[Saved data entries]
########################################

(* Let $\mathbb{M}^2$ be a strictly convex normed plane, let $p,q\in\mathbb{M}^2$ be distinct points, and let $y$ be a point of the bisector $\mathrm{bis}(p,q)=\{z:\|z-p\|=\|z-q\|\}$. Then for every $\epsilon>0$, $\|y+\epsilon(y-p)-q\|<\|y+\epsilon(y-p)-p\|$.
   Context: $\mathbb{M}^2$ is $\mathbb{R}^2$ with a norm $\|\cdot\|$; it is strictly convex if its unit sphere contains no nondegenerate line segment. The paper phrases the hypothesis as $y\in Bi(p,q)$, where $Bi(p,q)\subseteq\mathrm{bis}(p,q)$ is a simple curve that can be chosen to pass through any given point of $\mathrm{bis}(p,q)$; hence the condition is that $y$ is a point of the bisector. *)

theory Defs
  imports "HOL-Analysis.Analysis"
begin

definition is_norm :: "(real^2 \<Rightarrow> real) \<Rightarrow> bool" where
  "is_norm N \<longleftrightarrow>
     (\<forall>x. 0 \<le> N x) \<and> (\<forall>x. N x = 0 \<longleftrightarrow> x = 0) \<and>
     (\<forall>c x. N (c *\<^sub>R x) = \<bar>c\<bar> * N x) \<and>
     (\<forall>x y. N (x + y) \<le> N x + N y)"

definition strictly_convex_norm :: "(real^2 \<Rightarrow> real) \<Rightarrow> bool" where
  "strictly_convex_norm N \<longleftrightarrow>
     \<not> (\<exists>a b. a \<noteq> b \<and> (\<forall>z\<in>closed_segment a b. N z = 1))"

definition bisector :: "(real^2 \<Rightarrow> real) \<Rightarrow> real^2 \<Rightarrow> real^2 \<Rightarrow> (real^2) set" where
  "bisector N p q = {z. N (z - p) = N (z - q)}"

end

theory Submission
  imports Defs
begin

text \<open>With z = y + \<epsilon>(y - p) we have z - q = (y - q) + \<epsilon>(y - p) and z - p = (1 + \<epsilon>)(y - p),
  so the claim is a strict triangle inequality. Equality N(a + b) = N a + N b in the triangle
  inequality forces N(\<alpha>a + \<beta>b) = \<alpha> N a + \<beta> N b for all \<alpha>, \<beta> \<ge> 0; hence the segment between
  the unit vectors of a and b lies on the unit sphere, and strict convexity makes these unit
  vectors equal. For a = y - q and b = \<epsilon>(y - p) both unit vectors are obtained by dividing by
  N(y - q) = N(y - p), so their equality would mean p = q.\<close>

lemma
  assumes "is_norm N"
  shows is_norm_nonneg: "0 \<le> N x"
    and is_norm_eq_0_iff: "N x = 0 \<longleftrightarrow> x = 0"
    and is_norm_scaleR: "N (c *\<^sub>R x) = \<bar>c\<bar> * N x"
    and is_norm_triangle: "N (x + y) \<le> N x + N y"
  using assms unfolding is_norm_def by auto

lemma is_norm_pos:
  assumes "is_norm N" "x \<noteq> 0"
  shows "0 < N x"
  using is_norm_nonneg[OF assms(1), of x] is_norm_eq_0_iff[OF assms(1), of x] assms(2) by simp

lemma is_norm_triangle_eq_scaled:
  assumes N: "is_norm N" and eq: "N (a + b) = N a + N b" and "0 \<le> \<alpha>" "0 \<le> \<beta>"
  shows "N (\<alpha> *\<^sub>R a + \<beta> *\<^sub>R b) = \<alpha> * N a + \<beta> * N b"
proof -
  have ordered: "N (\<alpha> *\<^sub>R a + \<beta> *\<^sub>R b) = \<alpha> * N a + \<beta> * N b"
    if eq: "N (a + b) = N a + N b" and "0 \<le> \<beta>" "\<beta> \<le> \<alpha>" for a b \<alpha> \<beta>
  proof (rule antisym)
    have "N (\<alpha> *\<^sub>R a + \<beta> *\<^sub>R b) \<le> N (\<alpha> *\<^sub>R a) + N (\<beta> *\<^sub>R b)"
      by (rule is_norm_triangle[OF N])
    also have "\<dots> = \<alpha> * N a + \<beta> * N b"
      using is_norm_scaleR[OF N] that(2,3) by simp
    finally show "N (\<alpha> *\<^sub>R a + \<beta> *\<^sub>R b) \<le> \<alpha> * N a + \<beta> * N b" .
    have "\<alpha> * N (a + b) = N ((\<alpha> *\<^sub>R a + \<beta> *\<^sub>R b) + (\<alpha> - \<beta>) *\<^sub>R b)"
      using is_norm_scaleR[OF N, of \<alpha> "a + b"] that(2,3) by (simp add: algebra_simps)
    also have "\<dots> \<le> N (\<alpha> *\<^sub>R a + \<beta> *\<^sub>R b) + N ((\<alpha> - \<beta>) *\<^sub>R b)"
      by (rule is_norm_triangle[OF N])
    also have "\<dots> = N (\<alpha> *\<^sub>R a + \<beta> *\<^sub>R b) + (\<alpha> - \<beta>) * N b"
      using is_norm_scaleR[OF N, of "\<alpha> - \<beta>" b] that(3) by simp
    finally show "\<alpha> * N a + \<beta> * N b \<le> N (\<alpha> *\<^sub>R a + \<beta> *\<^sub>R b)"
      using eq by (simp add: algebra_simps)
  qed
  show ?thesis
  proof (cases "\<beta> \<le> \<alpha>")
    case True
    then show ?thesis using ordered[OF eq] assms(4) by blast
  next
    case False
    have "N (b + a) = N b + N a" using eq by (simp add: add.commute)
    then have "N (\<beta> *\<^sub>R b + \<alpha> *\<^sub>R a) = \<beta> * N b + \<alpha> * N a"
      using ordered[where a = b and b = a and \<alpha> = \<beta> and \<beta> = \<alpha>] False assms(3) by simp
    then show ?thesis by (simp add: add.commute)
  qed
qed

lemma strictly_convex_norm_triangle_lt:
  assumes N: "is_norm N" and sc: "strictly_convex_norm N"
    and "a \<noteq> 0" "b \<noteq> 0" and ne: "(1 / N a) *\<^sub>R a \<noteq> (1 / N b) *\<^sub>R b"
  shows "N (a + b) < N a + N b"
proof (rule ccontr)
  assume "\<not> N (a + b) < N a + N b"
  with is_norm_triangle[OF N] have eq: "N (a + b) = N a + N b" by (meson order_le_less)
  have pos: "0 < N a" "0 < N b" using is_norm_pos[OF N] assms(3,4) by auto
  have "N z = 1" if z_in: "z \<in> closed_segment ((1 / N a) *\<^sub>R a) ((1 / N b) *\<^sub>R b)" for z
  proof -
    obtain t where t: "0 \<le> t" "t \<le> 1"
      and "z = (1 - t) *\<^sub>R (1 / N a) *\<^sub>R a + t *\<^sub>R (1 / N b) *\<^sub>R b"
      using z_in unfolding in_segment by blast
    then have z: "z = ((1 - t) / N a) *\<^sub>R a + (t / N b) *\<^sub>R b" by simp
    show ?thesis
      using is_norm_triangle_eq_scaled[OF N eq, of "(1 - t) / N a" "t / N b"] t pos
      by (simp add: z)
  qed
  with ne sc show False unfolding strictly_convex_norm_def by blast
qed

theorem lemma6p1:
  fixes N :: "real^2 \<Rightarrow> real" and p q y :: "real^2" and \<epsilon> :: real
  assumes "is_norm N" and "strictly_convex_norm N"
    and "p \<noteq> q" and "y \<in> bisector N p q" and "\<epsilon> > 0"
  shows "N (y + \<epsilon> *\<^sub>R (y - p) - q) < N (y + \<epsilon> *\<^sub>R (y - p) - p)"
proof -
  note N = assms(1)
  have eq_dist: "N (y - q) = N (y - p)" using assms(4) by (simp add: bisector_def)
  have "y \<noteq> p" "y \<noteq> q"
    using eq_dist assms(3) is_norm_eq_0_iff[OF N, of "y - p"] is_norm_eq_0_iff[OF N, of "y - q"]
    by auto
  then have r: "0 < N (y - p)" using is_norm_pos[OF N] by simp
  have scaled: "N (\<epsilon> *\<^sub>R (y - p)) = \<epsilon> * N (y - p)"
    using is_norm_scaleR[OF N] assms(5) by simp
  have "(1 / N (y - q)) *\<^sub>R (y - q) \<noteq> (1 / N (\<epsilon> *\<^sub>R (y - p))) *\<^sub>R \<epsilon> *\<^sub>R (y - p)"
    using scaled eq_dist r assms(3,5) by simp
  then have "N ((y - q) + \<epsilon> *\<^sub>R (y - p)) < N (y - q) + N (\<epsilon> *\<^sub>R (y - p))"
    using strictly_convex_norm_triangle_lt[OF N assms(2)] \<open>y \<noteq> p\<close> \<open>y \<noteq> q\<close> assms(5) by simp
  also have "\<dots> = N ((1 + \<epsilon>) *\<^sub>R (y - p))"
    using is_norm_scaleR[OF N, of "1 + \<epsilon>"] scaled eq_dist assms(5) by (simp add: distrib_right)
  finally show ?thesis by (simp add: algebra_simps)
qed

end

########################################

## [What is needed]
Only a word-for-word repetition of the lines from the one containing "(simp add: distrib_right)" to the final line of the data above counts as the answer.

## [Task answer]
    using is_norm_scaleR[OF N, of "1 + \<epsilon>"] scaled eq_dist assms(5) by (simp add: distrib_right)
  finally show ?thesis by (simp add: algebra_simps)
qed

end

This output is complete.